Group 1 (reference category, indicator = 0):
y-hat = 54.424 + 0.836(bill_depth_mm)
Group 2 (indicator = 1):
y-hat = 54.424 + 0.836(bill_depth_mm) − 11.356(AdelieIND) + 0.021(AdelieINT) y-hat = (54.424 - 11.356) + (0.836 + 0.021) —
Use geom_abline() to draw both lines on top of your
color-coded scatterplot. Use the group equations from 2D for the slope
and intercept of each line.
ggplot(PData, aes(x = bill_depth_mm, y = bill_length_mm, color = species)) +
geom_point(alpha = 0.5) +
geom_abline(intercept = 54.42413, slope = 0.836, color = "red", size = 1) +
geom_abline(intercept = (54.424 - 11.356), slope = (0.836 + 0.021), color = "blue", size = 1) +
theme_minimal()
## Warning: Using `size` aesthetic for lines was deprecated in ggplot2 3.4.0.

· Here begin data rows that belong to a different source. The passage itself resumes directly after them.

(* Let $p>5$ be a prime. Then $$\sum_{k=1}^{(p-1)/2}\frac{\binom{2k}{k}}{k(-16)^k}\equiv-\frac{15}{2}\cdot\frac{F_{p-\left(\frac{p}{5}\right)}}{p}+4q_p(2)\pmod p.$$
   Context: $(F_n)_{n\ge0}$ is the Fibonacci sequence ($F_0=0$, $F_1=1$, $F_{n+1}=F_n+F_{n-1}$); $\left(\frac{p}{5}\right)$ is the Legendre symbol (so $p\mid F_{p-(p/5)}$); $q_p(2)=(2^{p-1}-1)/p$. Congruences between rationals with denominators prime to $p$ mean the difference divided by $p$ has denominator prime to $p$. *)

theory Defs
  imports "HOL-Number_Theory.Number_Theory"
begin

definition rat_cong_mod :: "rat \<Rightarrow> rat \<Rightarrow> int \<Rightarrow> bool" where
  "rat_cong_mod x y m \<longleftrightarrow> coprime (snd (quotient_of ((x - y) / of_int m))) m"

definition fermat_quot2 :: "nat \<Rightarrow> rat" where
  "fermat_quot2 p = (2 ^ (p - 1) - 1) / of_nat p"

end

theory Submission
  imports Defs
begin

text \<open>
  Write \<open>p = 2n + 1\<close>. Modulo \<open>p\<close> one has \<open>C(2k,k) \<equiv> (-4)^k C(n,k)\<close>, so the sum is congruent to
  \<open>\<Sum>\<^sub>k C(n,k) / (k 4^k) = \<Sum>\<^sub>j ((5/4)^j - 1) / j\<close>. Since \<open>1/j \<equiv> -2 C(p,2j) / p (mod p)\<close>, this is
  congruent to \<open>-(2/p) \<Sum>\<^sub>j C(p,2j) ((5/4)^j - 1) = -(2/p) (L(3p) / 2^(p+1) - 2^(p-1))\<close>, where \<open>L\<close>
  denotes the Lucas numbers. The theorem thus becomes a congruence modulo \<open>p\<^sup>2\<close> between
  \<open>L(3p) = L(p)^3 + 3 L(p)\<close>, \<open>F(p - (p/5)) = (L(p) - (p/5) F(p)) / 2\<close> and \<open>2^(p-1)\<close>, which follows
  from \<open>L(p) \<equiv> 1\<close>, \<open>F(p) \<equiv> (p/5)\<close>, \<open>2^(p-1) \<equiv> 1 (mod p)\<close> and the norm equation
  \<open>L(p)\<^sup>2 - 5 F(p)\<^sup>2 = -4\<close>.
\<close>

section \<open>Rationals whose denominator is prime to a modulus\<close>

definition coprime_denom :: "int \<Rightarrow> rat \<Rightarrow> bool" where
  "coprime_denom m x \<longleftrightarrow> coprime (snd (quotient_of x)) m"

lemma rat_cong_mod_iff_coprime_denom:
  "rat_cong_mod x y m \<longleftrightarrow> coprime_denom m ((x - y) / of_int m)"
  unfolding rat_cong_mod_def coprime_denom_def ..

lemma coprime_denom_iff:
  "coprime_denom m x \<longleftrightarrow> (\<exists>a b. b \<noteq> 0 \<and> coprime b m \<and> x = of_int a / of_int b)"
proof
  assume "coprime_denom m x"
  then show "\<exists>a b. b \<noteq> 0 \<and> coprime b m \<and> x = of_int a / of_int b"
    unfolding coprime_denom_def
    by (metis prod.collapse quotient_of_denom_pos quotient_of_div less_irrefl)
next
  assume "\<exists>a b. b \<noteq> 0 \<and> coprime b m \<and> x = of_int a / of_int b"
  then obtain a b where ab: "b \<noteq> 0" "coprime b m" "x = of_int a / of_int b" by blast
  obtain c d where cd: "quotient_of x = (c, d)" by fastforce
  have "d > 0" "coprime c d" using cd quotient_of_denom_pos quotient_of_coprime by auto
  moreover have "of_int c / of_int d = (of_int a / of_int b :: rat)"
    using cd ab quotient_of_div by metis
  ultimately have "c * b = a * d" using ab(1) by (simp add: field_simps) (metis of_int_eq_iff of_int_mult)
  then have "d dvd b"
    using \<open>coprime c d\<close> by (metis coprime_commute coprime_dvd_mult_right_iff dvd_triv_right)
  then have "coprime d m" using ab(2) by (rule coprime_divisors[OF _ dvd_refl])
  then show "coprime_denom m x" unfolding coprime_denom_def cd by simp
qed

lemma coprime_denom_of_int: "coprime_denom m (of_int a)"
  unfolding coprime_denom_iff by (rule exI[of _ a], rule exI[of _ 1]) simp

lemma coprime_denom_add:
  assumes "coprime_denom m x" "coprime_denom m y"
  shows "coprime_denom m (x + y)"
proof -
  obtain a b c d where "b \<noteq> 0" "coprime b m" "x = of_int a / of_int b"
    "d \<noteq> 0" "coprime d m" "y = of_int c / of_int d"
    using assms unfolding coprime_denom_iff by blast
  then have "b * d \<noteq> 0 \<and> coprime (b * d) m \<and> x + y = of_int (a * d + c * b) / of_int (b * d)"
    by (simp add: field_simps)
  then show ?thesis unfolding coprime_denom_iff by blast
qed

lemma coprime_denom_mult:
  assumes "coprime_denom m x" "coprime_denom m y"
  shows "coprime_denom m (x * y)"
proof -
  obtain a b c d where "b \<noteq> 0" "coprime b m" "x = of_int a / of_int b"
    "d \<noteq> 0" "coprime d m" "y = of_int c / of_int d"
    using assms unfolding coprime_denom_iff by blast
  then have "b * d \<noteq> 0 \<and> coprime (b * d) m \<and> x * y = of_int (a * c) / of_int (b * d)"
    by simp
  then show ?thesis unfolding coprime_denom_iff by blast
qed

lemma coprime_denom_divide:
  assumes "coprime_denom m x" "coprime d m"
  shows "coprime_denom m (x / of_int d)"
proof (cases "d = 0")
  case True
  then show ?thesis using coprime_denom_of_int[of m 0] by simp
next
  case False
  then have "coprime_denom m (1 / of_int d)"
    unfolding coprime_denom_iff using assms(2) by (intro exI[of _ 1] exI[of _ d]) simp
  then show ?thesis using coprime_denom_mult[OF assms(1)] by (simp add: divide_inverse)
qed

lemma coprime_denom_sum:
  "(\<And>i. i \<in> A \<Longrightarrow> coprime_denom m (f i)) \<Longrightarrow> coprime_denom m (\<Sum>i\<in>A. f i)"
  by (induction A rule: infinite_finite_induct)
    (simp_all add: coprime_denom_add coprime_denom_of_int[of m 0, simplified])

lemma rat_cong_modI:
  assumes "x - y = of_int (m * k) / of_int d" "coprime d m"
  shows "rat_cong_mod x y m"
proof (cases "m = 0")
  case True
  then show ?thesis using assms coprime_denom_of_int[of m 0]
    unfolding rat_cong_mod_iff_coprime_denom by simp
next
  case False
  then have "(x - y) / of_int m = of_int k / of_int d" using assms(1) by simp
  then show ?thesis unfolding rat_cong_mod_iff_coprime_denom
    using coprime_denom_divide[OF coprime_denom_of_int assms(2)] by simp
qed

lemma rat_cong_mod_trans [trans]:
  "rat_cong_mod x y m \<Longrightarrow> rat_cong_mod y z m \<Longrightarrow> rat_cong_mod x z m"
  unfolding rat_cong_mod_iff_coprime_denom
  by (drule (1) coprime_denom_add) (simp add: diff_divide_distrib)

lemma rat_cong_mod_mult_left:
  "coprime_denom m c \<Longrightarrow> rat_cong_mod x y m \<Longrightarrow> rat_cong_mod (c * x) (c * y) m"
  unfolding rat_cong_mod_iff_coprime_denom
  by (drule (1) coprime_denom_mult) (simp add: right_diff_distrib)

lemma rat_cong_mod_sum:
  "(\<And>i. i \<in> A \<Longrightarrow> rat_cong_mod (f i) (g i) m) \<Longrightarrow> rat_cong_mod (\<Sum>i\<in>A. f i) (\<Sum>i\<in>A. g i) m"
  unfolding rat_cong_mod_iff_coprime_denom
  by (drule coprime_denom_sum) (simp add: sum_subtractf[symmetric] sum_divide_distrib[symmetric])

section \<open>Binomial coefficients\<close>

lemma coprime_of_less_prime:
  assumes "prime p" "0 < k" "k < p"
  shows "coprime (int k) (int p)"
proof -
  have "\<not> p dvd k" using assms(2,3) by (auto dest: dvd_imp_le)
  then have "coprime k p" using assms(1) by (metis prime_imp_coprime coprime_commute)
  then show ?thesis by simp
qed

lemma central_binomial_Suc:
  "Suc k * (2 * Suc k choose Suc k) = 2 * (2 * k + 1) * (2 * k choose k)"
proof -
  have "Suc k * (2 * Suc k choose Suc k) = 2 * (Suc k * (Suc (2 * k) choose Suc k))"
    using Suc_times_binomial[of k "Suc (2 * k)"] binomial_symmetric[of k "Suc (2 * k)"] by simp
  also have "Suc k * (Suc (2 * k) choose Suc k) = (2 * k + 1) * (2 * k choose k)"
    using Suc_times_binomial_eq[of "2 * k" k] by simp
  finally show ?thesis by simp
qed
lemma eigenvalue_integral_identity:
  "\<mu> * integral {0..L} \<psi> = - integral {0..L} (\<lambda>x. b x * \<psi> x)"
proof -
  have "((\<lambda>x. - \<psi>'' x + 2 * lam * \<psi>' x - b x * \<psi> x) has_integral
          (- 0 + 2 * lam * 0 - integral {0..L} (\<lambda>x. b x * \<psi> x))) {0..L}"
    using periodic_fun_deriv_has_integral_zero[OF \<psi>'_periodic _ \<psi>'_deriv]
      periodic_fun_deriv_has_integral_zero[OF \<psi>_periodic _ \<psi>_deriv] period_pos b\<psi>_integrable
    by (intro has_integral_diff has_integral_add has_integral_neg has_integral_mult_right) auto
  moreover have "((\<lambda>x. \<mu> * \<psi> x) has_integral (\<mu> * integral {0..L} \<psi>)) {0..L}"
    using continuous_on_UNIV_integrable_on_Icc[OF \<psi>_continuous] by (intro has_integral_mult_right) blast
  moreover have "(\<lambda>x. - \<psi>'' x + 2 * lam * \<psi>' x - b x * \<psi> x) = (\<lambda>x. \<mu> * \<psi> x)"
    using eigen_equation by blast
  ultimately have "- 0 + 2 * lam * 0 - integral {0..L} (\<lambda>x. b x * \<psi> x) = \<mu> * integral {0..L} \<psi>"
    using has_integral_unique by metis
  then show ?thesis by simp
qed
lemma ac_primitive_on_mult:
  assumes F: "ac_primitive_on S F f" and G: "ac_primitive_on S G g"
  shows "ac_primitive_on S (\<lambda>x. F x * G x) (\<lambda>x. f x * G x + F x * g x)"
  unfolding ac_primitive_on_def
proof (intro conjI allI impI)
  show "continuous_on S (\<lambda>x. F x * G x)"
    using ac_primitive_on_continuous[OF F] ac_primitive_on_continuous[OF G] by (intro continuous_intros)
  fix a b :: real assume ab: "a \<le> b" "{a..b} \<subseteq> S"
  define h where "h t = f t * G t + F t * g t" for t
  define k where "k t = \<bar>f t\<bar> + \<bar>g t\<bar>" for t
  have cF: "continuous_on {a..b} F" and cG: "continuous_on {a..b} G"
    using ac_primitive_on_continuous[OF F] ac_primitive_on_continuous[OF G] ab(2) continuous_on_subset by blast+
  have fi: "f absolutely_integrable_on {a..b}" and gi: "g absolutely_integrable_on {a..b}"
    using ac_primitive_onD(1)[OF F ab] ac_primitive_onD(1)[OF G ab] .
  have hi: "h absolutely_integrable_on {a..b}"
    unfolding h_def using absolutely_integrable_mult_continuous[OF fi cG] absolutely_integrable_mult_continuous[OF gi cF]
    by (intro set_integral_add(1)) (simp_all add: mult.commute)
  then show "(\<lambda>x. f x * G x + F x * g x) absolutely_integrable_on {a..b}" unfolding h_def .
  have ki: "k absolutely_integrable_on {a..b}"
    unfolding k_def by (intro set_integral_add(1) set_integrable_abs fi gi)
  have sub_int: "\<phi> integrable_on {x..y}"
    if "\<phi> absolutely_integrable_on {a..b}" "a \<le> x" "y \<le> b" for \<phi> :: "real \<Rightarrow> real" and x y
    by (rule integrable_on_subinterval[OF set_lebesgue_integral_eq_integral(1)[OF that(1)]]) (use that in auto)
  have comb: "integral {a..y} \<phi> - integral {a..x} \<phi> = integral {x..y} \<phi>"
    if "a \<le> x" "x \<le> y" "y \<le> b" "\<phi> absolutely_integrable_on {a..b}" for x y and \<phi> :: "real \<Rightarrow> real"
    using Henstock_Kurzweil_Integration.integral_combine[OF that(1,2) sub_int[OF that(4) order_refl that(3)]]
    by simp
  define \<Phi> where "\<Phi> y = F y * G y - integral {a..y} h" for y
  define M where "M y = integral {a..y} k" for y
  have "\<Phi> b = \<Phi> a"
  proof (rule eq_if_locally_dominated[OF ab(1)])
    have "0 \<le> integral {a..b} k"
      by (rule integral_nonneg[OF sub_int[OF ki order_refl order_refl]]) (simp add: k_def)
    then show "M a \<le> M b" unfolding M_def by simp
  next
    fix \<epsilon> :: real assume "\<epsilon> > 0"
    from product_rule_locally_dominated[OF F G ab(2) this] obtain \<delta> where \<delta>: "\<delta> > 0"
      "\<forall>x y. a \<le> x \<longrightarrow> x \<le> y \<longrightarrow> y \<le> b \<longrightarrow> y - x < \<delta> \<longrightarrow>
         \<bar>F y * G y - F x * G x - integral {x..y} h\<bar> \<le> \<epsilon> * integral {x..y} k"
      unfolding h_def[symmetric] k_def[symmetric] by blast
    show "\<exists>\<delta>>0. \<forall>x y. a \<le> x \<longrightarrow> x \<le> y \<longrightarrow> y \<le> b \<longrightarrow> y - x < \<delta> \<longrightarrow>
                 \<bar>\<Phi> y - \<Phi> x\<bar> \<le> \<epsilon> * (M y - M x)"
    proof (intro exI[of _ \<delta>] conjI allI impI)
      fix x y assume xy: "a \<le> x" "x \<le> y" "y \<le> b" "y - x < \<delta>"
      have "\<Phi> y - \<Phi> x = F y * G y - F x * G x - integral {x..y} h"
        unfolding \<Phi>_def using comb[OF xy(1-3) hi] by simp
      moreover have "M y - M x = integral {x..y} k"
        unfolding M_def using comb[OF xy(1-3) ki] .
      ultimately show "\<bar>\<Phi> y - \<Phi> x\<bar> \<le> \<epsilon> * (M y - M x)" using \<delta>(2) xy by simp
    qed (rule \<delta>(1))
  qed
  then have "integral {a..b} h = F b * G b - F a * G a"
    unfolding \<Phi>_def by simp
  then show "((\<lambda>x. f x * G x + F x * g x) has_integral F b * G b - F a * G a) {a..b}"
    using sub_int[OF hi order_refl order_refl] unfolding h_def[abs_def]
    by (metis has_integral_integrable_integral)
qed

lemma ac_primitive_on_subset: "ac_primitive_on S F f \<Longrightarrow> T \<subseteq> S \<Longrightarrow> ac_primitive_on T F f"
  unfolding ac_primitive_on_def by (auto intro: continuous_on_subset)

text \<open>\<open>F\<close> minus an indefinite integral of \<open>f\<close> is constant on \<open>(a, b)\<close>, hence by continuity on \<open>[a, b]\<close>.\<close>

lemma has_integral_ac_primitive_closure:
  fixes F f :: "real \<Rightarrow> real"
  assumes ab: "a < b" and ac: "ac_primitive_on {a<..<b} F f"
    and cF: "continuous_on {a..b} F" and fi: "f integrable_on {a..b}"
  shows "(f has_integral F b - F a) {a..b}"
proof -
  define G where "G t = integral {a..t} f" for t
  define D where "D t = F t - G t" for t
  define c where "c = (a + b) / 2"
  have c: "c \<in> {a<..<b}" unfolding c_def using ab by auto
  have fsub: "f integrable_on {s..t}" if "a \<le> s" "t \<le> b" for s t
    using integrable_on_subinterval[OF fi] that by auto
  have cG: "continuous_on {a..b} G" unfolding G_def by (rule indefinite_integral_continuous_1[OF fi])
  have G_diff: "G t - G s = integral {s..t} f" if "a \<le> s" "s \<le> t" "t \<le> b" for s t
    using Henstock_Kurzweil_Integration.integral_combine[OF that(1,2) fsub[OF order_refl that(3)]]
    unfolding G_def by simp
  have F_diff: "F t - F s = integral {s..t} f" if "s \<in> {a<..<b}" "t \<in> {a<..<b}" "s \<le> t" for s t
  proof -
    have "{s..t} \<subseteq> {a<..<b}" using that by auto
    from ac_primitive_onD(2)[OF ac that(3) this] show ?thesis by (simp add: integral_unique)
  qed
  have D_open: "D t = D c" if t: "t \<in> {a<..<b}" for t
  proof (cases "t \<le> c")
    case True
    moreover have "a \<le> t" "c \<le> b" using t c by auto
    ultimately show ?thesis using F_diff[OF t c True] G_diff[of t c] unfolding D_def by simp
  next
    case False
    then have "c \<le> t" by simp
    moreover have "a \<le> c" "t \<le> b" using t c by auto
    ultimately show ?thesis using F_diff[OF c t] G_diff[of c t] unfolding D_def by simp
  qed
  have "continuous_on (closure {a<..<b}) D"
    unfolding D_def[abs_def] using ab cF cG by (simp add: continuous_on_diff)
  then have D_closed: "D t = D c" if "t \<in> {a..b}" for t
    by (rule continuous_constant_on_closure[OF _ D_open]) (use that ab in simp_all)
  have "F b - F a = G b - G a"
    using D_closed[of a] D_closed[of b] ab unfolding D_def by simp
  then have "F b - F a = integral {a..b} f" using G_diff[of a b] ab by simp
  then show ?thesis using fi by (simp add: has_integral_integral)
qed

## ℹ Please use `linewidth` instead.
## This warning is displayed once every 8 hours.
## Call `lifecycle::last_lifecycle_warnings()` to see where this warning was
## generated.
## Warning: Removed 2 rows containing missing values or values outside the scale range
## (`geom_point()`).
Do the lines fit their respective groups well? Are they parallel or do they cross? Does this match what you expected from your scatterplot in 2A?
No the lines do not fit their respective groups at all. They are not parallel and do not cross. This does not match what I expected from the scatterplot in 2A.